Катерина МАРГОЛИС: «Война последовательно репрезентируется оппозицией не как акт агрессии, а как стихийное бедствие»

Недавно в одном из венецианских переулков около площади Сан-Марко я обнаружила граффити по-русски и не преминула написать об этом в фейсбуке, снабдив пост фотографией.

«СВО+Да=Победа» гласила надпись мелом – видимо, для пущей метафоричности нанесенная на зарешеченное окно.

Граффити характерное, но еще более характерной была реакция одного известного поэта и издателя: мол, написано не «СВО+Да», а «Свобода».

Не верь глазам своим.

Я не поленилась и на следующий день еще раз изучила надпись. Вдруг правы сторонники «прекрасной России будущего и настоящего-прошлого» и это отчаянный жест свободолюбия?

Результаты оказались еще более точной метафорой.

«Свобода» если и была там, то так давно, что любые намеки на нее давно стерлись. Зато отчетливо видны «СВО» + «Да» . И написанная поверх бывшей «свободы» эта формула лишь страшнее.

Желание российских антипутинских политических и культурных деятелей увидеть на месте СВО остатки свободы психологически объяснимо, но, к сожалению, не отвечает реальности. И на третьем году большой геноцидальной войны россиян в Украине принимать желаемое за действительное – значит, демонстрировать не трогательный идеализм, а куда менее безобидный отказ признать, что все российское общество так или иначе стало частью смертоносного механизма войны, у которого есть курок, есть прицел, а есть глушитель. Общество тоже состоит из разных людей – от агрессивно поддерживающих до последовательно игнорирующих, но это орудие убийства. Ахматовская формула «я была тогда с моим народом там, где мой народ, к несчастью, был» близка деятелям российской оппозиции. Так не пора ли признать ответственность за свой «народ»?

Такое же неадекватное изменившейся эпохе прекраснодушие и заигрывание со своим «народом» продемонстрировали некоторые освобожденные в результате обмена российские политзаключенные, не попытавшиеся разобраться в том, что они пропустили, находясь в тяжелейших условиях несвободы и информационной изоляции.

В том же духе на днях высказался и российский оппозиционный политик Лев Шлосберг.

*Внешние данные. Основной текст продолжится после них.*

(* Let $S\subseteq R$ be a set of long roots such that $\alpha+\beta\notin R$ for all $\alpha,\beta\in S$ and $(\gamma+R)\cap(S+S)=\emptyset$ for all $\gamma\in R\setminus S$. For $\alpha\in S$ set $\alpha^\perp=\{\gamma\in S:(\alpha,\gamma)=0\}$. Then $\#\alpha^\perp=\#\beta^\perp$ for all $\alpha,\beta\in S$.
   Context: $R$ is the root system of a complex simple Lie algebra with the form $(\cdot,\cdot)$ induced by the Killing form. $S+S=\{\alpha+\beta:\alpha,\beta\in S\}$, $\gamma+R=\{\gamma+\delta:\delta\in R\}$. *)

theory Defs
  imports "HOL-Analysis.Analysis"
begin

text \<open>The form induced by the Killing form on the real span of the roots of a complex
  simple Lie algebra is a positive definite inner product; for an irreducible root
  system it is unique up to a positive scalar, so we use the ambient inner product.\<close>

definition root_reflection :: "'a::euclidean_space \<Rightarrow> 'a \<Rightarrow> 'a" where
  "root_reflection a x = x - (2 * (x \<bullet> a) / (a \<bullet> a)) *\<^sub>R a"

definition root_system :: "'a::euclidean_space set \<Rightarrow> bool" where
  "root_system R \<longleftrightarrow>
     finite R \<and> 0 \<notin> R \<and> span R = UNIV \<and>
     (\<forall>a\<in>R. root_reflection a ` R = R) \<and>
     (\<forall>a\<in>R. \<forall>b\<in>R. 2 * (b \<bullet> a) / (a \<bullet> a) \<in> \<int>) \<and>
     (\<forall>a\<in>R. \<forall>c::real. c *\<^sub>R a \<in> R \<longrightarrow> c = 1 \<or> c = -1)"

text \<open>Root systems of complex simple Lie algebras = nonempty irreducible reduced root systems.\<close>
definition irreducible_root_system :: "'a::euclidean_space set \<Rightarrow> bool" where
  "irreducible_root_system R \<longleftrightarrow>
     root_system R \<and> R \<noteq> {} \<and>
     \<not> (\<exists>R1 R2. R1 \<noteq> {} \<and> R2 \<noteq> {} \<and> R1 \<union> R2 = R \<and>
            (\<forall>a\<in>R1. \<forall>b\<in>R2. a \<bullet> b = 0))"

definition long_root :: "'a::euclidean_space set \<Rightarrow> 'a \<Rightarrow> bool" where
  "long_root R a \<longleftrightarrow> a \<in> R \<and> (\<forall>b\<in>R. b \<bullet> b \<le> a \<bullet> a)"

definition root_perp :: "'a::euclidean_space set \<Rightarrow> 'a \<Rightarrow> 'a set" where
  "root_perp S a = {g \<in> S. a \<bullet> g = 0}"

end

theory Submission
  imports Defs
begin

(* 1. Elementary facts on root systems: reflections are isometric involutions; for a
      long root a and a root x other than a and -a, 2(x.a) is -(a.a), 0 or a.a
      (Cauchy-Schwarz plus integrality of Cartan numbers); this yields root strings.
   2. In an irreducible root system any two roots are joined by a path of length at
      most two in the non-orthogonality graph (otherwise R would split orthogonally).
   3. If alpha, beta in S satisfy 2(alpha.beta) = alpha.alpha, the reflection in the root
      alpha - beta maps S into S (by saturation) and alpha to beta, hence injects the
      orthogonal set of alpha into that of beta; by symmetry both sets have the same size.
   4. If alpha, beta in S are orthogonal, step 2 produces a root eta with half pairings
      against both; then alpha + beta - eta is a root, so eta lies in S by saturation,
      and step 3 applies to the pairs (alpha, eta) and (eta, beta).
   The case 2(alpha.beta) = -(alpha.alpha) is excluded since then alpha + beta is a root. *)

lemma root_system_finite: "root_system R \<Longrightarrow> finite R"
  and root_system_nonzero: "root_system R \<Longrightarrow> a \<in> R \<Longrightarrow> a \<noteq> 0"
  and root_system_reflect: "root_system R \<Longrightarrow> a \<in> R \<Longrightarrow> x \<in> R \<Longrightarrow> root_reflection a x \<in> R"
  and root_system_integral: "root_system R \<Longrightarrow> a \<in> R \<Longrightarrow> x \<in> R \<Longrightarrow> 2 * (x \<bullet> a) / (a \<bullet> a) \<in> \<int>"
  unfolding root_system_def by blast+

С первых месяцев война последовательно репрезентируется оппозицией не как акт агрессии, а как стихийное бедствие. «Беда» или «катастрофа», которая «случилась». Язык отражает состояние общества: безличные формы глаголов призваны транслировать бессубъектную и безответственную картину мира. Лингвистические исследования показали, что частота использования столь любимых современным российским сознанием безличных и пассивных конструкций за путинские десятилетия выросла в несколько раз. Россияне на глазах лишают сами себя остатков субъектности. Язык лишь фиксирует этот процесс.

Так, например, попытка изучить формы глаголов в первых полутора минутах интервью Екатерины Шульман о 24 февраля дает характерные результаты:

стало ясно;

что это случится;

произошло объявление;

должно произойти;

это дало понять, что вот ОНО случилось;

стало известно.

Активные личные формы глаголов использованы трижды:

я помню;

я обновляла ленту;

я поняла, что вот ОНО.

Разница ровно в два раза, при этом местоимение «оно» работает на тот же эффект обезличенной стихии.

В эти дни пришла новость о трагической смерти в СИЗО Биробиджана (а скорее всего, гибели после избиений) другого политзаключенного: почти никому не известного пианиста, музыковеда и активиста Павла Кушнира.

Теперь о нем говорят повсюду, соцсети захлебываются от дифирамбов, а его роман «Русская нарезка» спешно переиздали с нарушением авторских прав.

При этом в реальности на прощание с человеком, масштаб которого еще предстоит осознать, в Биробиджане пришло шесть человек. А ведь Павел Кушнир не был маргиналом, это был активно концертирующий музыкант, у него часто брали интервью, у него были коллеги по филармонии, у него была публика. Куда же делся весь этот «народ»?

Но главное даже не в том, что потенциалы желаемого и реального столь отличаются. Печально, что ни смерть, ни посмертная слава не реализуют главный месседж, который отчаянно пытался донести Павел Кушнир хотя бы до пяти подписчиков своего антивоенного канала в YouTube.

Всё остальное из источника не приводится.